Во мне проснулось милосердие. Я слишком хорошо знала, какие страшные раны способен нанести этот на первый взгляд безобидный предмет.
– Если можете, ослабьте, пожалуйста. – В голосе Филиппа прорезалась хрипотца, но не томная, а болезненная. Кончился запас сил, брюнет больше не мог притворяться. – Слишком туго затянули.
Филипп ссутулился и привалился к диванчику. Пальцы остервенело рванули ошейник, мышцы шеи напряглись. На миг показалось – Филипп задохнется! Испугавшись, я склонилась над ним, начала корить за глупую браваду:
– Ну зачем вы столько говорили! Себе же во вред!
Филипп злобно сверкнул глазами и буркнул:
– Затем. Я мужчина, а не тряпка. Слабый только для вас, Дария, как для невесты и хозяйки моей воли.
Он побледнел и схватил ртом воздух. Неужели пробовал колдовать? Именно так реагирует ошейник на применение магии.
Я совершала преступление, но я невеста, имею право. Наверное. В любом случае, смотреть на чужие мучения не желаю. Я попросила Филиппа сесть на диван и, разгадав механизм – он мало отличался от лангского защелкнула ошейник на другую дырочку. Брюнет вновь сердечно поблагодарил и попросил прийти еще:
– Вы скрашиваете мое одиночество.
Глава 11
Геральт явился ночью. Я не дождалась любимого, хотя собиралась: банально заснула. Геральт ко мне не зашел, встретились за завтраком.
От слуг я узнала, что еще засветло любимый написал несколько писем. Это тревожило, наводило на определенные мысли. Уж не собирал ли Геральт поручительства или, того хуже, не планировал ли побег? Попробовала осторожно закинуть удочку – любимый сделал вид, словно не понимает, сидел и отрешенно жевал.
Норжин в неизменной черной школьной рубашке бросал на отца косые взгляды, тоже что-то порывался спросить, но не решался. Пил горячее пряное вино и уныло ковырялся в тарелке.
Словом, за завтраком царила тягостная атмосфера. Она мешала дышать, и я попросила открыть окна, чтобы впустить в столовую немного свежего воздуха. Летний зной, пропитанный ароматом цветов и травы, ворвался в комнату. Ветер играл занавесками, шалил с прической. А Норжин в черном. И не жарко ему? Неужели нельзя ввести летнюю форму?
– Отец? – Подросток наконец решился и отложил в сторону приборы.
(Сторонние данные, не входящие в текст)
(* Let $\alpha,\beta\in\{-1,0,1\}$, and let $\tilde{C}\in\{0,1\}^{\tilde{K}\times n}$ and $\hat{C}\in\{0,1\}^{\hat{K}\times n}$ be cost matrices of two ordinal objectives on the same $n$ elements. Then the matrix \[ A=\begin{pmatrix}\alpha\,\tilde{C}\\ \mathbf{1}^\top\\ \beta\,\hat{C}\end{pmatrix}, \] where $\mathbf{1}\in\mathbb{R}^n$ is the all-ones vector, is totally unimodular.
   Context: An ordinal objective on $n$ elements with $K$ categories $\eta_1\prec\dots\prec\eta_K$ is given by an assignment $o:\{1,\dots,n\}\to\{\eta_1,\dots,\eta_K\}$; its cost matrix $C\in\{0,1\}^{K\times n}$ has $C_{ji}=1$ if $j\le k$ where $o(i)=\eta_k$, and $C_{ji}=0$ otherwise. $\tilde{C}$ and $\hat{C}$ are such matrices for assignments $\tilde{o}$ (with $\tilde{K}$ categories) and $\hat{o}$ (with $\hat{K}$ categories). A matrix is totally unimodular if every square submatrix has determinant in $\{-1,0,1\}$. *)

theory Defs
  imports "Jordan_Normal_Form.Determinant" "Jordan_Normal_Form.DL_Submatrix"
begin

text \<open>Categories eta_1 < ... < eta_K are encoded by 1..K; an ordinal objective on
  elements 0..n-1 is a map f with f i in {1..K}.\<close>

definition ordinal_assignment :: "nat \<Rightarrow> nat \<Rightarrow> (nat \<Rightarrow> nat) \<Rightarrow> bool" where
  "ordinal_assignment K n f \<longleftrightarrow> (\<forall>i<n. 1 \<le> f i \<and> f i \<le> K)"

definition ordinal_cost_matrix :: "nat \<Rightarrow> nat \<Rightarrow> (nat \<Rightarrow> nat) \<Rightarrow> int mat" where
  "ordinal_cost_matrix K n f = mat K n (\<lambda>(j, i). if j + 1 \<le> f i then 1 else 0)"

definition totally_unimodular :: "int mat \<Rightarrow> bool" where
  "totally_unimodular A \<longleftrightarrow>
     (\<forall>I J. I \<subseteq> {..<dim_row A} \<longrightarrow> J \<subseteq> {..<dim_col A} \<longrightarrow> card I = card J \<longrightarrow>
        det (submatrix A I J) \<in> {-1, 0, 1})"

end

theory Submission
  imports Defs
begin

text \<open>After reversing the order of the rows of the top block, each column of the stacked matrix
  is supported on a run of consecutive rows, with every row scaled by a sign in \<open>{-1,0,1}\<close>.
  Such matrices are totally unimodular: their square submatrices have the same shape, and
  in a square one we may take the row \<open>r\<^sub>0\<close> coming first in the order and the shortest
  column interval \<open>c\<^sub>0\<close> meeting it; subtracting column \<open>c\<^sub>0\<close> from the other columns meeting \<open>r\<^sub>0\<close> keeps all
  columns intervals and leaves a single nonzero entry in row \<open>r\<^sub>0\<close>, so Laplace expansion
  reduces the determinant to a smaller matrix of the same shape.\<close>

text \<open>The explicit ordering
  accommodates the reversed top block of the theorem and lets submatrices inherit the shape
  by mere reindexing.\<close>

definition signed_interval_matrix :: "int mat \<Rightarrow> bool" where
  "signed_interval_matrix A \<longleftrightarrow>
     (\<exists>(s :: nat \<Rightarrow> int) (p :: nat \<Rightarrow> nat) (lo :: nat \<Rightarrow> nat) (hi :: nat \<Rightarrow> nat).
        (\<forall>r<dim_row A. s r \<in> {-1, 0, 1}) \<and>
        (\<forall>r<dim_row A. \<forall>c<dim_col A. A $$ (r, c) = s r * of_bool (lo c \<le> p r \<and> p r < hi c)))"

lemma signed_interval_matrixI:
  fixes s :: "nat \<Rightarrow> int" and p lo hi :: "nat \<Rightarrow> nat"
  assumes "\<And>r. r < dim_row A \<Longrightarrow> s r \<in> {-1, 0, 1}"
    and "\<And>r c. r < dim_row A \<Longrightarrow> c < dim_col A \<Longrightarrow>
           A $$ (r, c) = s r * of_bool (lo c \<le> p r \<and> p r < hi c)"
  shows "signed_interval_matrix A"
  unfolding signed_interval_matrix_def using assms by blast

lemma signed_interval_matrixE:
  assumes "signed_interval_matrix A"
  obtains s :: "nat \<Rightarrow> int" and p lo hi :: "nat \<Rightarrow> nat"
  where "\<And>r. r < dim_row A \<Longrightarrow> s r \<in> {-1, 0, 1}"
    and "\<And>r c. r < dim_row A \<Longrightarrow> c < dim_col A \<Longrightarrow>
           A $$ (r, c) = s r * of_bool (lo c \<le> p r \<and> p r < hi c)"
  using assms unfolding signed_interval_matrix_def by blast

lemma signed_interval_matrix_submatrix:
  assumes "signed_interval_matrix A"
  shows "signed_interval_matrix (submatrix A I J)"
proof -
  obtain s and p lo hi :: "nat \<Rightarrow> nat" where s: "\<And>r. r < dim_row A \<Longrightarrow> s r \<in> {-1, 0, 1}"
    and entries: "\<And>r c. r < dim_row A \<Longrightarrow> c < dim_col A \<Longrightarrow>
                    A $$ (r, c) = s r * of_bool (lo c \<le> p r \<and> p r < hi c)"
    using assms by (elim signed_interval_matrixE) blast
  show ?thesis
  proof (rule signed_interval_matrixI[where s = "s \<circ> pick I" and p = "p \<circ> pick I"
        and lo = "lo \<circ> pick J" and hi = "hi \<circ> pick J"])
    fix r assume "r < dim_row (submatrix A I J)"
    then show "(s \<circ> pick I) r \<in> {-1, 0, 1}"
      using s by (simp add: dim_submatrix pick_le)
  next
    fix r c assume "r < dim_row (submatrix A I J)" and "c < dim_col (submatrix A I J)"
    then show "submatrix A I J $$ (r, c) =
      (s \<circ> pick I) r * of_bool ((lo \<circ> pick J) c \<le> (p \<circ> pick I) r \<and> (p \<circ> pick I) r < (hi \<circ> pick J) c)"
      using entries by (simp add: dim_submatrix submatrix_index pick_le)
  qed
qed

lemma signed_interval_matrix_mat_delete:
  assumes "signed_interval_matrix A"
  shows "signed_interval_matrix (mat_delete A i j)"
proof -
  obtain s and p lo hi :: "nat \<Rightarrow> nat" where s: "\<And>r. r < dim_row A \<Longrightarrow> s r \<in> {-1, 0, 1}"
    and entries: "\<And>r c. r < dim_row A \<Longrightarrow> c < dim_col A \<Longrightarrow>
                    A $$ (r, c) = s r * of_bool (lo c \<le> p r \<and> p r < hi c)"
    using assms by (elim signed_interval_matrixE) blast
  define f where "f r = (if r < i then r else Suc r)" for r
  define g where "g c = (if c < j then c else Suc c)" for c
  show ?thesis
  proof (rule signed_interval_matrixI[where s = "s \<circ> f" and p = "p \<circ> f"
        and lo = "lo \<circ> g" and hi = "hi \<circ> g"])
    fix r assume "r < dim_row (mat_delete A i j)"
    then show "(s \<circ> f) r \<in> {-1, 0, 1}"
      using s by (simp add: f_def)
  next
    fix r c assume "r < dim_row (mat_delete A i j)" and "c < dim_col (mat_delete A i j)"
    then show "mat_delete A i j $$ (r, c) =
      (s \<circ> f) r * of_bool ((lo \<circ> g) c \<le> (p \<circ> f) r \<and> (p \<circ> f) r < (hi \<circ> g) c)"
      using entries by (simp add: mat_delete_def f_def g_def)
  qed
qed

lemma det_sub_column_from_columns:
  fixes A :: "'a :: comm_ring_1 mat"
  assumes A: "A \<in> carrier_mat n n" and c0: "c0 < n" and S: "S \<subseteq> {..<n} - {c0}"
  shows "det (mat n n (\<lambda>(r, c). if c \<in> S then A $$ (r, c) - A $$ (r, c0) else A $$ (r, c))) = det A"
proof -
  have "finite S" using S finite_subset by blast
  then show ?thesis
    using S
  proof (induction S rule: finite_induct)
    case empty
    have "mat n n (\<lambda>(r, c). if c \<in> {} then A $$ (r, c) - A $$ (r, c0) else A $$ (r, c)) = A"
      using A by (intro eq_matI) auto
    then show ?case by simp
  next
    case (insert x S)
    define B where "B = mat n n (\<lambda>(r, c). if c \<in> S then A $$ (r, c) - A $$ (r, c0) else A $$ (r, c))"
    have "mat n n (\<lambda>(r, c). if c \<in> insert x S then A $$ (r, c) - A $$ (r, c0) else A $$ (r, c))
        = addcol (-1) x c0 B"
      using insert.prems insert.hyps c0 by (intro eq_matI) (auto simp: B_def mat_addcol_def)
    also have "det \<dots> = det B"
      using insert.prems by (intro det_addcol[OF c0]) (auto simp: B_def)
    also have "\<dots> = det A"
      using insert unfolding B_def by simp
    finally show ?case .
  qed
qed

lemma det_row_single_entry:
  fixes A :: "'a :: comm_ring_1 mat"
  assumes A: "A \<in> carrier_mat n n" and i: "i < n" and j: "j < n"
    and zero: "\<And>j'. j' < n \<Longrightarrow> j' \<noteq> j \<Longrightarrow> A $$ (i, j') = 0"
  shows "det A = A $$ (i, j) * cofactor A i j"
proof -
  have "det A = (\<Sum>j'<n. A $$ (i, j') * cofactor A i j')"
    by (rule laplace_expansion_row[OF A i])
  also have "\<dots> = (\<Sum>j'\<in>{j}. A $$ (i, j') * cofactor A i j')"
    using j zero by (intro sum.mono_neutral_right) auto
  finally show ?thesis by simp
qed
Прямой дерзкий взгляд, столь не вязавшийся с привычным образом тихони, впился в Геральта, требуя честного ответа. Норжин даже поднялся, опершись руками на стол, чтобы выглядеть солиднее. Будущий маг, навсей, – они с детства гордые. Интересно, каким он вырастет? Симпатичный мальчишка, на отца похож. Линия губ выдавала упрямство.
Мальчишка! Да он всего на год младше меня. И борода уже растет, пусть пока и похожа на пушок. Через пару лет возмужает…
От мыслей о судьбе Норжина отвлек громкий голос виновника дум.
– Отец, – повторил он, – мать никогда не вернется? Ее казнят? Если так, я хочу ее увидеть. Имею право.
Это прозвучало совсем по-взрослому. Да и голос не дрожал. Ни капли сантиментов. Уже не ребенок, чтобы плакать. Показалось или Норжин не договаривал? Будто не имел права обвинять – и обвинял. Может, он любил Элизу, несмотря на все ее равнодушие.
Отчего-то я не сомневалась, что графине плевать на сына, перед смертью и не вспомнит. Кукушка! В свое время собиралась подложить ему меня. Может, Норжин не хотел жениться? Но графине не было дела до его желаний, а сын не смел спорить с матерью. Как выяснилось, не только из-за привычки подчиняться.